=== Data for this exercise ===
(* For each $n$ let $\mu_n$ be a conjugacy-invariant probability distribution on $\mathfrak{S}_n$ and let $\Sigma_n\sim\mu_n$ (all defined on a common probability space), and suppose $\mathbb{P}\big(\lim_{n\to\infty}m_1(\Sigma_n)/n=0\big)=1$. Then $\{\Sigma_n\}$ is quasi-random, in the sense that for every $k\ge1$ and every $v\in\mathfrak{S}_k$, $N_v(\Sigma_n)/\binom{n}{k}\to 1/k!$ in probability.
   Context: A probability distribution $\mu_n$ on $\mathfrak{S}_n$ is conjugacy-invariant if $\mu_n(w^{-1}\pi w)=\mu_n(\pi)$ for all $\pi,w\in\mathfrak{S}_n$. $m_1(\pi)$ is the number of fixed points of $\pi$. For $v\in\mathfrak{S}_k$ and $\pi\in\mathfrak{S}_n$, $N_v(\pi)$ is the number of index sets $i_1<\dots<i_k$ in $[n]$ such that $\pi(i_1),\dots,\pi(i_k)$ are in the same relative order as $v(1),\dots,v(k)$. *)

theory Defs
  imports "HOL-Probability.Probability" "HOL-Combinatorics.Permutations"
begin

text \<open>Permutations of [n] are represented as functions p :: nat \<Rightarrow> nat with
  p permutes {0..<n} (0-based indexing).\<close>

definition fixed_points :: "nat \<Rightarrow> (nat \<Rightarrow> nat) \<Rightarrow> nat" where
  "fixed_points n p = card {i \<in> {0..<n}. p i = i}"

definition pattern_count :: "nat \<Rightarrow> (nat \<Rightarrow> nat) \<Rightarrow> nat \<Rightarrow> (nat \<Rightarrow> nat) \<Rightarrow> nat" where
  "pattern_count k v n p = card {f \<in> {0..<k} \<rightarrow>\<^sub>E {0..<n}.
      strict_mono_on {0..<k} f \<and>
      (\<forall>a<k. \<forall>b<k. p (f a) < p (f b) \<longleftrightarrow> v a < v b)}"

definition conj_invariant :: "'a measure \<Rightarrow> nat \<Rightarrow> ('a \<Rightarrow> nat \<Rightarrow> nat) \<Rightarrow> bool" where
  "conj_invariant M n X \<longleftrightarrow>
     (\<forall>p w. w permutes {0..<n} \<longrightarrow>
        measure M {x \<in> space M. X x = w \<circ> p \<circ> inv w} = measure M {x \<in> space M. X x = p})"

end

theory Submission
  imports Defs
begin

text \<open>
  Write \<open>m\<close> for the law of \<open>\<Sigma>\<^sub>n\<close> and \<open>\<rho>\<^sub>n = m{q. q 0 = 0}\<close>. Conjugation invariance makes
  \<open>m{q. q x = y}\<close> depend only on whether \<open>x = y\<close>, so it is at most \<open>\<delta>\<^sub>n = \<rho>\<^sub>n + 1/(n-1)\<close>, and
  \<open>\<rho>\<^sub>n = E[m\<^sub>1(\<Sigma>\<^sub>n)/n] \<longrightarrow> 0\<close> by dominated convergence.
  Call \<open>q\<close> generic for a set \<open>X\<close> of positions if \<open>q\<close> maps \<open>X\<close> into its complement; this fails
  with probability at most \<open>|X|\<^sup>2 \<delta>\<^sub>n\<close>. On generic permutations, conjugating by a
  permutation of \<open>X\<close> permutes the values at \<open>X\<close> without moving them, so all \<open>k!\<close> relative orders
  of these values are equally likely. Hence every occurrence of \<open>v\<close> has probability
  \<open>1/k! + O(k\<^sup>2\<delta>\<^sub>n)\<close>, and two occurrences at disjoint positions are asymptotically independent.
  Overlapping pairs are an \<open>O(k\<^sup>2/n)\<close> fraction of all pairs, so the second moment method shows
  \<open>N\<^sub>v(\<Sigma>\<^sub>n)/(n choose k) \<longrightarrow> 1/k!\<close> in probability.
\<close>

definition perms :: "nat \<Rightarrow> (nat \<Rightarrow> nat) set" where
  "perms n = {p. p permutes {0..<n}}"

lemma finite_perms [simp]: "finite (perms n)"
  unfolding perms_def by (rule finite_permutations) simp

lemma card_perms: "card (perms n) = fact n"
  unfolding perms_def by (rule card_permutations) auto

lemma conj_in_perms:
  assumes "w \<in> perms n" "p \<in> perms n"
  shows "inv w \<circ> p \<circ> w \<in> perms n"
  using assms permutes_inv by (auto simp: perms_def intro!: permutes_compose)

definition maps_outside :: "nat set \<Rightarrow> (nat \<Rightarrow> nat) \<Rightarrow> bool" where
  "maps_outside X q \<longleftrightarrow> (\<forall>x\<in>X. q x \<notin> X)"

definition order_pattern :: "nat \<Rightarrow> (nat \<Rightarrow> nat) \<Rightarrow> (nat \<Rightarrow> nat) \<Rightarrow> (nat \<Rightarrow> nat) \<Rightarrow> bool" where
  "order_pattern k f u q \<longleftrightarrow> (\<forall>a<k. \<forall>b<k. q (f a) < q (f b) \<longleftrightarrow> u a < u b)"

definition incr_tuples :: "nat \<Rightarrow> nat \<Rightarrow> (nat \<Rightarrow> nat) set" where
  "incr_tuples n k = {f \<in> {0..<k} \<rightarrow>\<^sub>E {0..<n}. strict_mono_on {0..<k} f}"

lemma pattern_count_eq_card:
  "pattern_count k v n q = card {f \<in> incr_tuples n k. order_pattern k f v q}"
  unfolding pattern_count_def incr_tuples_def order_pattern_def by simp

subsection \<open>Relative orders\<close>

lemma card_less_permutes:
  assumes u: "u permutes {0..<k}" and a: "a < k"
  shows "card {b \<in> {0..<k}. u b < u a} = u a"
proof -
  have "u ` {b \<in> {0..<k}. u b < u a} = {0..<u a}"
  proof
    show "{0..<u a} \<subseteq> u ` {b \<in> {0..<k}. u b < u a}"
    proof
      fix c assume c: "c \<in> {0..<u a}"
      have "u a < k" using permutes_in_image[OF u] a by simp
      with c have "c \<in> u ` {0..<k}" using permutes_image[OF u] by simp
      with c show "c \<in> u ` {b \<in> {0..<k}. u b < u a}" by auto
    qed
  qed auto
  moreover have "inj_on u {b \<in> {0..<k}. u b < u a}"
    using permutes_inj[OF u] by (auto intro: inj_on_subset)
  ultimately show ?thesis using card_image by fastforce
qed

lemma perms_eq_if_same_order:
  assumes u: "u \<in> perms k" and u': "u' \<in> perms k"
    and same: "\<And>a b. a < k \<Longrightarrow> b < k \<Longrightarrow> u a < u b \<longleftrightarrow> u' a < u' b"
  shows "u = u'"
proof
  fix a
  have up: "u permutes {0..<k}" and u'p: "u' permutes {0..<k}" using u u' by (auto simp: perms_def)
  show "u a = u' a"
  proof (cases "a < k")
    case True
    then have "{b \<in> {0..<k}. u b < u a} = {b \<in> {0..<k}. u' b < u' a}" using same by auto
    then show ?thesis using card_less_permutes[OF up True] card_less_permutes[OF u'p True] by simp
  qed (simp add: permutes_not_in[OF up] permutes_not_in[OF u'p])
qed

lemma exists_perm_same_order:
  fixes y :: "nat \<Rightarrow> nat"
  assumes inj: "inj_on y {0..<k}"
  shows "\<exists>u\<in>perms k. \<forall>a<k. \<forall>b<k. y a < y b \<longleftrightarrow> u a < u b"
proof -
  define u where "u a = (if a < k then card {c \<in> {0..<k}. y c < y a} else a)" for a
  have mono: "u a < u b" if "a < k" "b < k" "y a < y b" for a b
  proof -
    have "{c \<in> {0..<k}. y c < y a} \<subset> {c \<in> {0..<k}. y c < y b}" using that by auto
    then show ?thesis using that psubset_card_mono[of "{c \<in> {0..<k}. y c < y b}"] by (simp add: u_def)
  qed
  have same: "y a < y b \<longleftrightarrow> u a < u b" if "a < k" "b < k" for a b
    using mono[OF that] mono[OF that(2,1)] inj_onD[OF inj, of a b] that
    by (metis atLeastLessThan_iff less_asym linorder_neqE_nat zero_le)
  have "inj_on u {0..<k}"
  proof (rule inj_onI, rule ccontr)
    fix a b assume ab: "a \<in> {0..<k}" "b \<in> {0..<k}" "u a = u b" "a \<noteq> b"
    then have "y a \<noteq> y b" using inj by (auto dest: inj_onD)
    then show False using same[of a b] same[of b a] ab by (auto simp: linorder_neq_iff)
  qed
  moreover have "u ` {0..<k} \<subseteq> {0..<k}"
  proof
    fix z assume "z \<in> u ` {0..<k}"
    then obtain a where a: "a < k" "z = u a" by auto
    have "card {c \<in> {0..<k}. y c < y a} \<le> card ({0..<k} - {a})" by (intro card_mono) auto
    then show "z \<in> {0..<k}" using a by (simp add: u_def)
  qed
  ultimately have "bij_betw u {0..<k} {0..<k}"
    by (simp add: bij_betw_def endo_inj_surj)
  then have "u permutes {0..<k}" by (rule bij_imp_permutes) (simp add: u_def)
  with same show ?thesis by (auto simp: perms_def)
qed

=== How to complete this task ===
Starting with the first line of the records above, give back each line exactly until the line with "text \<open>Permutations of" has been given as well.

=== Answer space ===
(* For each $n$ let $\mu_n$ be a conjugacy-invariant probability distribution on $\mathfrak{S}_n$ and let $\Sigma_n\sim\mu_n$ (all defined on a common probability space), and suppose $\mathbb{P}\big(\lim_{n\to\infty}m_1(\Sigma_n)/n=0\big)=1$. Then $\{\Sigma_n\}$ is quasi-random, in the sense that for every $k\ge1$ and every $v\in\mathfrak{S}_k$, $N_v(\Sigma_n)/\binom{n}{k}\to 1/k!$ in probability.
   Context: A probability distribution $\mu_n$ on $\mathfrak{S}_n$ is conjugacy-invariant if $\mu_n(w^{-1}\pi w)=\mu_n(\pi)$ for all $\pi,w\in\mathfrak{S}_n$. $m_1(\pi)$ is the number of fixed points of $\pi$. For $v\in\mathfrak{S}_k$ and $\pi\in\mathfrak{S}_n$, $N_v(\pi)$ is the number of index sets $i_1<\dots<i_k$ in $[n]$ such that $\pi(i_1),\dots,\pi(i_k)$ are in the same relative order as $v(1),\dots,v(k)$. *)

theory Defs
  imports "HOL-Probability.Probability" "HOL-Combinatorics.Permutations"
begin

text \<open>Permutations of [n] are represented as functions p :: nat \<Rightarrow> nat with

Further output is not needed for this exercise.